Solving People Management Puzzles Using Social Network Analysis
Call centers depend on their employees teamwork to be successful. It should consider taking advantage of the advances in Social Network analysis to gain actionable insights on team dynamics .
May I suggest that call center managers use social network analysis tools and technics to generate insights that help to increase team work and overall morale.
Here I ishare how actionable insights using social network analysis can be used in the call center environment. We start with a sample Social Graph as shown below:
Some Famous Examples
Social graphs provide a visual map of the relationships among teams. Here are showcase examples where social graphs were used to :
- Identify criminal masterminds (Enron Case)
- Reveal the identity of key influencers (Sawmill-Pajek)
- Identify the bonds that keep a community intact (Zachary Karate Club)
The backstory on the Enron case was that the FBI investigated it for price fixing of the energy prices. They needed to identify the ring leaders. They used email trails to identify the ‘direct reports’. The bosses were those at the top that got a lot of emails, but almost never replied to them.
This sawmill had multi racial workers. The key staff was Juan who can be seen in the middle node (light blue). He was the conduit/bridge for information from the bosses to filter through to the rest of the spanish speaking workers.
For a new policy to gain acceptance, the bosses wisely enlisted HM Juan to their effort and messaging.
The famous Karate club clearly showed that the group was in danger of splitting into two separate groups. The interactions showed close knit ties centered around Node 1 and Node 34. The group eventually did split along those lines.
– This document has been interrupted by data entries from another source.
lemma cseq_Suc_Suc [simp]: "cseq a b (Suc (Suc n)) = a * dseq a b (Suc n) - cseq a b n"
  and dseq_Suc_Suc [simp]: "dseq a b (Suc (Suc n)) = b * cseq a b (Suc n) - dseq a b n"
  by (simp_all add: cseq_def dseq_def)

lemma beta1_0: "beta1 a b 0 = (0, 1)"
  and beta2_0: "beta2 a b 0 = (1, 0)"
  by (simp_all add: beta1_def beta2_def)

lemma refl1_beta1: "refl1 a b (beta1 a b n) = beta2 a b (Suc n)"
  and refl2_beta2: "refl2 a b (beta2 a b n) = beta1 a b (Suc n)"
  by (simp_all add: refl1_def refl2_def beta1_def beta2_def)

lemma refl1_beta2_Suc: "refl1 a b (beta2 a b (Suc n)) = beta1 a b n"
  and refl2_beta1_Suc: "refl2 a b (beta1 a b (Suc n)) = beta2 a b n"
  by (metis refl1_beta1 refl1_refl1, metis refl2_beta2 refl2_refl2)

lemma qform_beta:
  "qform a b (beta1 a b n) = (if even n then a else b)
   \<and> qform a b (beta2 a b n) = (if even n then b else a)"
proof (induction n)
  case 0
  then show ?case by (simp add: beta1_0 beta2_0)
next
  case (Suc n)
  then show ?case by (metis qform_refl1 qform_refl2 refl1_beta1 refl2_beta2 even_Suc)
qed

lemmas qform_beta1 = qform_beta[THEN conjunct1]
  and qform_beta2 = qform_beta[THEN conjunct2]

lemma ladd_beta1_Suc:
  "ladd (beta1 a b (Suc k)) (beta1 a b (Suc j)) = refl2 a b (ladd (beta2 a b k) (beta2 a b j))"
  and ladd_beta2_Suc:
  "ladd (beta2 a b (Suc k)) (beta2 a b (Suc j)) = refl1 a b (ladd (beta1 a b k) (beta1 a b j))"
  by (simp_all add: refl1_ladd refl2_ladd refl1_beta1 refl2_beta2)

lemma ladd_beta1_beta2_Suc_Suc:
  "ladd (beta1 a b k) (beta2 a b (Suc (Suc j)))
     = refl1 a b (refl2 a b (ladd (beta1 a b (Suc (Suc k))) (beta2 a b j)))"
  by (simp add: refl1_ladd refl2_ladd refl1_beta1 refl2_beta2 refl1_beta2_Suc refl2_beta1_Suc)

lemma ladd_beta1_Suc_beta2_0:
  "ladd (beta1 a b (Suc j)) (beta2 a b 0) = refl2 a b (ladd (beta1 a b 1) (beta2 a b j))"
  by (simp add: refl2_ladd refl2_beta2 refl2_beta1_Suc ladd_commute)

lemma qform_beta1_0_ladd_beta1:
  "qform a b (ladd (beta1 a b 0) (beta1 a b n))
     = a + qform a b (beta1 a b n) + a * (2 * dseq a b (Suc n) - b * cseq a b n)"
  by (simp add: qform_ladd beta1_0 beta1_def[of a b n] algebra_simps)

lemma qform_beta2_0_ladd_beta2:
  "qform a b (ladd (beta2 a b 0) (beta2 a b n))
     = b + qform a b (beta2 a b n) + b * (2 * cseq a b (Suc n) - a * dseq a b n)"
  by (simp add: qform_ladd beta2_0 beta2_def[of a b n] algebra_simps)

lemma qform_beta1_0_ladd_beta2:
  "qform a b (ladd (beta1 a b 0) (beta2 a b n))
     = a + qform a b (beta2 a b n) - a * (dseq a b (Suc (Suc n)) - dseq a b n)"
  by (simp add: qform_ladd beta1_0 beta2_0 beta2_def[of a b n] algebra_simps)

lemma qform_ladd_beta1_beta2_0:
  "qform a b (ladd (beta1 a b n) (beta2 a b 0))
     = b + qform a b (beta1 a b n) - b * (cseq a b (Suc (Suc n)) - cseq a b n)"
  by (simp add: qform_ladd beta1_0 beta2_0 beta1_def[of a b n] algebra_simps)

section \<open>Growth of the sequences c and d\<close>

lemma mono_step2:
  fixes f :: "nat \<Rightarrow> 'a::order"
  assumes step: "\<And>n. f n \<le> f (n + 2)" and "p \<le> q" and "even (q - p)"
  shows "f p \<le> f q"
proof -
  obtain t where q: "q = p + 2 * t"
    using assms(2,3) by (metis evenE le_add_diff_inverse)
  have "f (p + 2 * 0) \<le> f (p + 2 * t)"
    by (rule lift_Suc_mono_le[of "\<lambda>t. f (p + 2 * t)"]) (use step[simplified] in simp_all)
  then show ?thesis by (simp add: q)
qed

(* ab >= 4: the Cartan matrix is of affine or indefinite type. *)
locale nonfinite_rank2 =
  fixes a b :: int
  assumes a_pos: "0 < a" and b_pos: "0 < b" and ab_ge_4: "4 \<le> a * b"
begin

abbreviation "c \<equiv> cseq a b"
abbreviation "d \<equiv> dseq a b"

lemma cd_bounds:
  "0 \<le> c n \<and> 0 \<le> d n \<and> 1 \<le> c (Suc n) \<and> 1 \<le> d (Suc n)
   \<and> 2 * d n \<le> b * c (Suc n) \<and> 2 * c n \<le> a * d (Suc n)"
proof (induction n)
  case 0
  then show ?case using a_pos b_pos by simp
next
  case (Suc n)
  then have IH: "0 \<le> c n" "0 \<le> d n" "1 \<le> c (Suc n)" "1 \<le> d (Suc n)"
    "2 * d n \<le> b * c (Suc n)" "2 * c n \<le> a * d (Suc n)"
    by auto
  have "1 \<le> a * d (Suc n)" "1 \<le> b * c (Suc n)"
    using IH a_pos b_pos mult_mono[of 1 a 1 "d (Suc n)"] mult_mono[of 1 b 1 "c (Suc n)"]
    by simp_all
  moreover have "2 * (b * c n) \<le> a * b * d (Suc n)" "2 * (a * d n) \<le> a * b * c (Suc n)"
    using IH(5,6) a_pos b_pos mult_left_mono[OF IH(6), of b] mult_left_mono[OF IH(5), of a]
    by (simp_all add: algebra_simps)
  moreover have "4 * d (Suc n) \<le> a * b * d (Suc n)" "4 * c (Suc n) \<le> a * b * c (Suc n)"
    using IH ab_ge_4 by (simp_all add: mult_right_mono)
  moreover have "b * c (Suc (Suc n)) = a * b * d (Suc n) - b * c n"
    and "a * d (Suc (Suc n)) = a * b * c (Suc n) - a * d n"
    by (simp_all add: algebra_simps)
  ultimately show ?case
    using IH cseq_Suc_Suc[of a b n] dseq_Suc_Suc[of a b n] by (intro conjI; linarith)
qed

lemma cseq_nonneg: "0 \<le> c n"
  and dseq_nonneg: "0 \<le> d n"
  and cseq_Suc_pos: "1 \<le> c (Suc n)"
  and two_dseq_le: "2 * d n \<le> b * c (Suc n)"
  and two_cseq_le: "2 * c n \<le> a * d (Suc n)"
  using cd_bounds by auto

lemma cseq_le_two_dseq: "b * c n \<le> 2 * d (Suc n)"
  and dseq_le_two_cseq: "a * d n \<le> 2 * c (Suc n)"
  using two_dseq_le[of "n - 1"] two_cseq_le[of "n - 1"] by (cases n; simp)+

lemma cseq_gap_step: "c (n + 2) - c n \<le> c (n + 2 + 2) - c (n + 2)"
  and dseq_gap_step: "d (n + 2) - d n \<le> d (n + 2 + 2) - d (n + 2)"
proof -
  have "c (n + 2 + 2) - 2 * c (n + 2) + c n = (a * b - 4) * c (n + 2)"
    and "d (n + 2 + 2) - 2 * d (n + 2) + d n = (a * b - 4) * d (n + 2)"
    by (simp_all add: eval_nat_numeral algebra_simps)
  moreover have "0 \<le> (a * b - 4) * c (n + 2)" "0 \<le> (a * b - 4) * d (n + 2)"
    using ab_ge_4 cseq_nonneg[of "n + 2"] dseq_nonneg[of "n + 2"] by simp_all
  ultimately show "c (n + 2) - c n \<le> c (n + 2 + 2) - c (n + 2)"
    and "d (n + 2) - d n \<le> d (n + 2 + 2) - d (n + 2)"
    by linarith+
qed

lemma cseq_gap_mono: "p \<le> q \<Longrightarrow> even (q - p) \<Longrightarrow> c (p + 2) - c p \<le> c (q + 2) - c q"
  and dseq_gap_mono: "p \<le> q \<Longrightarrow> even (q - p) \<Longrightarrow> d (p + 2) - d p \<le> d (q + 2) - d q"
  by (rule mono_step2[of "\<lambda>n. c (n + 2) - c n"], rule cseq_gap_step, assumption+)
    (rule mono_step2[of "\<lambda>n. d (n + 2) - d n"], rule dseq_gap_step, assumption+)

lemma qform_beta1_0_sum_gt: "a < qform a b (ladd (beta1 a b 0) (beta1 a b n))"
  and qform_beta2_0_sum_gt: "b < qform a b (ladd (beta2 a b 0) (beta2 a b n))"
proof -
  have "0 < qform a b (beta1 a b n)" "0 < qform a b (beta2 a b n)"
    using a_pos b_pos by (simp_all add: qform_beta1 qform_beta2)
  moreover have "0 \<le> a * (2 * d (Suc n) - b * c n)" "0 \<le> b * (2 * c (Suc n) - a * d n)"
    using a_pos b_pos cseq_le_two_dseq dseq_le_two_cseq by simp_all
  ultimately show "a < qform a b (ladd (beta1 a b 0) (beta1 a b n))"
    and "b < qform a b (ladd (beta2 a b 0) (beta2 a b n))"
    by (simp_all add: qform_beta1_0_ladd_beta1 qform_beta2_0_ladd_beta2)
qed

lemma qform_same_type_sum_pos:
  "0 < qform a b (ladd (beta1 a b k) (beta1 a b j)) \<and> 0 < qform a b (ladd (beta2 a b k) (beta2 a b j))"
proof (induction k arbitrary: j)
  case 0
  then show ?case
    using qform_beta1_0_sum_gt qform_beta2_0_sum_gt a_pos b_pos by (meson less_trans)
next
  case (Suc k)
  show ?case
  proof (cases j)
    case 0
    then show ?thesis
      using qform_beta1_0_sum_gt qform_beta2_0_sum_gt a_pos b_pos ladd_commute
      by (metis less_trans)
  next
    case (Suc j')
    then show ?thesis using Suc.IH by (simp add: ladd_beta1_Suc ladd_beta2_Suc)
  qed
qed

end

section \<open>Sums of two positive real roots\<close>

(* For b <= a, exactly the non-finite types other than the twisted affine A_2^(2), (a, b) = (4, 1). *)
locale nonfinite_not_A22 =
  fixes a b :: int
  assumes b_le_a: "b \<le> a" and b_ge_1: "1 \<le> b" and b_ge_2_or_a_ge_5: "2 \<le> b \<or> (b = 1 \<and> 5 \<le> a)"
begin

lemma a_ge_5_if_b_eq_1: "b = 1 \<Longrightarrow> 5 \<le> a"
  using b_ge_2_or_a_ge_5 by auto

sublocale nonfinite_rank2
proof
  show "0 < a" "0 < b" using b_le_a b_ge_1 by auto
  show "4 \<le> a * b"
  proof (cases "b = 1")
    case False
    then have "2 * 2 \<le> a * b" using b_le_a b_ge_1 by (intro mult_mono) auto
    then show ?thesis by simp
  qed (use a_ge_5_if_b_eq_1 in simp)
qed

lemma a_lt_b_mult_square: "a < b * (a * b - 2)\<^sup>2"
proof (cases "b = 1")
  case True
  then have "5 \<le> a" by (rule a_ge_5_if_b_eq_1)
  then have "3 * (a - 2) \<le> (a - 2) * (a - 2)" by (intro mult_right_mono) auto
  then show ?thesis using \<open>5 \<le> a\<close> True by (simp add: power2_eq_square)
next
  case False
  then have "2 \<le> b" using b_ge_1 by simp
  define X where "X = (a * b - 2)\<^sup>2"
  have "2 * (a * b - 2) \<le> X"
    unfolding X_def power2_eq_square using ab_ge_4 by (intro mult_right_mono) auto
  moreover have "2 * X \<le> b * X"
    unfolding X_def using \<open>2 \<le> b\<close> by (intro mult_right_mono) auto
  moreover have "2 * a \<le> a * b" using \<open>2 \<le> b\<close> a_pos by simp
  ultimately show ?thesis using b_le_a \<open>2 \<le> b\<close> unfolding X_def[symmetric] by (smt (verit))
qed

lemma a_plus_b_le: "a + b \<le> a * b * (a * b - 3)"
proof (cases "b = 1")
  case True
  then have "5 \<le> a" by (rule a_ge_5_if_b_eq_1)
  have "a * b * (a * b - 3) = a * a - 3 * a" using True by (simp add: algebra_simps)
  moreover have "5 * a \<le> a * a" using \<open>5 \<le> a\<close> by (intro mult_right_mono) auto
  ultimately show ?thesis using True \<open>5 \<le> a\<close> by linarith
next
  case False
  then have "1 * 1 \<le> (a - 1) * (b - 1)" using b_le_a b_ge_1 by (intro mult_mono) auto
  moreover have "a * b * 1 \<le> a * b * (a * b - 3)" using ab_ge_4 by (intro mult_left_mono) auto
  ultimately show ?thesis by (simp add: algebra_simps)
qed

lemma not_real_root_beta1_0_sum: "ladd (beta1 a b 0) (beta1 a b n) \<notin> real_roots a b"
  using qform_beta1_0_sum_gt[of n] b_le_a by (auto dest: real_root_qform)

lemma qform_beta2_0_sum_gt_a:
  assumes "odd m" "3 \<le> m"
  shows "a < qform a b (ladd (beta2 a b 0) (beta2 a b (Suc m)))"
proof -
  have "c (3 + 2) - c 3 \<le> c (m + 2) - c m"
    using assms by (intro cseq_gap_mono) auto
  moreover have "c (3 + 2) - c 3 = (a * b - 2)\<^sup>2 - 2"
    by (simp add: eval_nat_numeral power2_eq_square algebra_simps)
  moreover have "2 * c (Suc (Suc m)) - a * d (Suc m) = c (m + 2) - c m"
    by simp
  ultimately have "b * (a * b - 2)\<^sup>2 \<le> b * (2 + (2 * c (Suc (Suc m)) - a * d (Suc m)))"
    using b_pos by (intro mult_left_mono) auto
  then show ?thesis
    using a_lt_b_mult_square qform_beta2_0_ladd_beta2[of a b "Suc m"] assms
    by (simp add: qform_beta2 algebra_simps)
qed

lemma real_root_beta2_0_sum_iff:
  "ladd (beta2 a b 0) (beta2 a b n) \<in> real_roots a b \<longleftrightarrow> b = 1 \<and> n = 2"
proof
  assume "b = 1 \<and> n = 2"
  then have "ladd (beta2 a b 0) (beta2 a b n) = refl1 a b (0, 1)"
    by (simp add: eval_nat_numeral beta2_def ladd_def refl1_def)
  then show "ladd (beta2 a b 0) (beta2 a b n) \<in> real_roots a b"
    by (simp add: real_roots_def weyl_orbit.base)
next
  let ?H = "ladd (beta2 a b 0) (beta2 a b n)"
  assume "?H \<in> real_roots a b"
  then have dvd: "a dvd fst ?H" and q: "qform a b ?H = a"
    using qform_beta2_0_sum_gt[of n] by (auto dest: real_root_qform)
  define P where "P = 2 * c (Suc n) - a * d n"
  have qH: "qform a b ?H = b + qform a b (beta2 a b n) + b * P"
    unfolding P_def by (rule qform_beta2_0_ladd_beta2)
  have "odd n \<or> n = 0 \<or> n = 2 \<or> (\<exists>m. n = Suc m \<and> odd m \<and> 3 \<le> m)"
    by presburger
  then consider "odd n" | "n = 0" | "n = 2" | m where "n = Suc m" "odd m" "3 \<le> m"
    by blast
  then show "b = 1 \<and> n = 2"
  proof cases
    case 1
    have "0 \<le> b * P" unfolding P_def using dseq_le_two_cseq b_pos by simp
    then show ?thesis using q qH 1 b_pos by (simp add: qform_beta2)
  next
    case 2
    then have "a dvd 2" "a = 4 * b"
      using dvd q qH by (simp_all add: P_def beta2_def ladd_def)
    then show ?thesis using zdvd_imp_le[of a 2] b_ge_1 by simp
  next
    case 3
    then have "a * 1 = a * (b * b)"
      using q qH by (simp add: P_def qform_beta2 eval_nat_numeral algebra_simps)
    then have "b * b = 1" using a_pos by (simp only: mult_cancel_left) simp
    then show ?thesis using 3 b_ge_1 by (simp add: zmult_eq_1_iff)
  next
    case 4
    then show ?thesis using q qform_beta2_0_sum_gt_a[of m] by simp
  qed
qed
Farmout Call Center Experience
Then I will go on to present the actual social graph of our call center and share some of the actionable insights we gained from this and how each of the participants might use it in their own centers:
- Using email logs to confirm the formal reporting hierarchies
- Using Lunch Date data to uncover rifts in the teams
- Using Lunch Date data to identify key influencers, information brokers
- Using Lunch Dates data to identify critical intervention points to stop spread of disease outbreaks.
- Using Chat interactions data to identify potential leaders and in-house experts
Community detection enabled, nodes with the same color belongs to same team. The network charts were generated using Gephi 0.91. Newer technics would use NEO4J instead.